TASK DESCRIPTION
What is the count of lines in the material below that hold "carrier"? Answer with only that number.
# # #
(* The functor $\tau:\mathbf{GrpwTop}\to\mathbf{TopGrp}$ satisfies: (1) $\tau$ preserves finite products: for groups with topology $G,H$ (with $G\times H$ given the product topology), the identity $\tau(G\times H)\to\tau(G)\times\tau(H)$ is an isomorphism of topological groups. (2) If a homomorphism $f:G\to H$ of groups with topology is a topological quotient map, then $\tau(f):\tau(G)\to\tau(H)$ is a quotient map. (3) A group with topology $G$ is a topological group if and only if $G=\tau(G)$ (as topological spaces). (4) A group with topology $G$ is discrete if and only if $\tau(G)$ is discrete.
   Context: A group with topology is a group with an arbitrary topology; $\mathbf{GrpwTop}$ is the category of such with continuous homomorphisms, $\mathbf{TopGrp}$ the category of topological groups. $F_M(S)$ is the free (Markov) topological group on a space $S$. For $G$ a group with topology, $\tau(G)$ is $G$ with the quotient topology with respect to the multiplication epimorphism $m_G:F_M(G)\to G$ sending each generator $g$ to $g$; on morphisms $\tau$ is the identity on underlying homomorphisms. *)

theory Defs
  imports "HOL-Analysis.Analysis" "HOL-Algebra.Algebra"
begin

text \<open>A letter is a pair (x, b): (x, True) stands for x, (x, False) for its formal inverse.\<close>

definition reduce :: "('a \<times> bool) list \<Rightarrow> ('a \<times> bool) list" where
  "reduce xs = foldr (\<lambda>x ys. case ys of [] \<Rightarrow> [x]
      | y # ys' \<Rightarrow> (if fst x = fst y \<and> snd x \<noteq> snd y then ys' else x # ys)) xs []"

definition free_group :: "'a set \<Rightarrow> ('a \<times> bool) list monoid" where
  "free_group S = \<lparr> carrier = {w. set w \<subseteq> S \<times> UNIV \<and> reduce w = w},
                    mult = (\<lambda>u v. reduce (u @ v)), one = [] \<rparr>"

definition free_gen :: "'a \<Rightarrow> ('a \<times> bool) list" where
  "free_gen x = [(x, True)]"

definition group_with_topology :: "('a, 'm) monoid_scheme \<Rightarrow> 'a topology \<Rightarrow> bool" where
  "group_with_topology G T \<longleftrightarrow> group G \<and> topspace T = carrier G"

definition topological_group :: "('a, 'm) monoid_scheme \<Rightarrow> 'a topology \<Rightarrow> bool" where
  "topological_group G T \<longleftrightarrow> group_with_topology G T
     \<and> continuous_map (prod_topology T T) T (\<lambda>(x, y). mult G x y)
     \<and> continuous_map T T (m_inv G)"

text \<open>F_M(S): the free group on the points of S with the finest group topology making
  the insertion of generators continuous (supremum of all such group topologies).\<close>

definition FM_topology :: "'a topology \<Rightarrow> ('a \<times> bool) list topology" where
  "FM_topology Y = topology_generated_by
     {U. \<exists>T. topological_group (free_group (topspace Y)) T
               \<and> continuous_map Y T free_gen \<and> openin T U}"

definition mult_map :: "('a, 'm) monoid_scheme \<Rightarrow> ('a \<times> bool) list \<Rightarrow> 'a" where
  "mult_map G w = foldr (\<lambda>(x, b) acc. mult G (if b then x else m_inv G x) acc) w (one G)"

definition tau :: "('a, 'm) monoid_scheme \<Rightarrow> 'a topology \<Rightarrow> 'a topology" where
  "tau G T = topology (\<lambda>U. U \<subseteq> carrier G \<and>
      openin (FM_topology T) {w \<in> topspace (FM_topology T). mult_map G w \<in> U})"

end

theory Submission
  imports Defs
begin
# # #
WRITTEN SOLUTION
3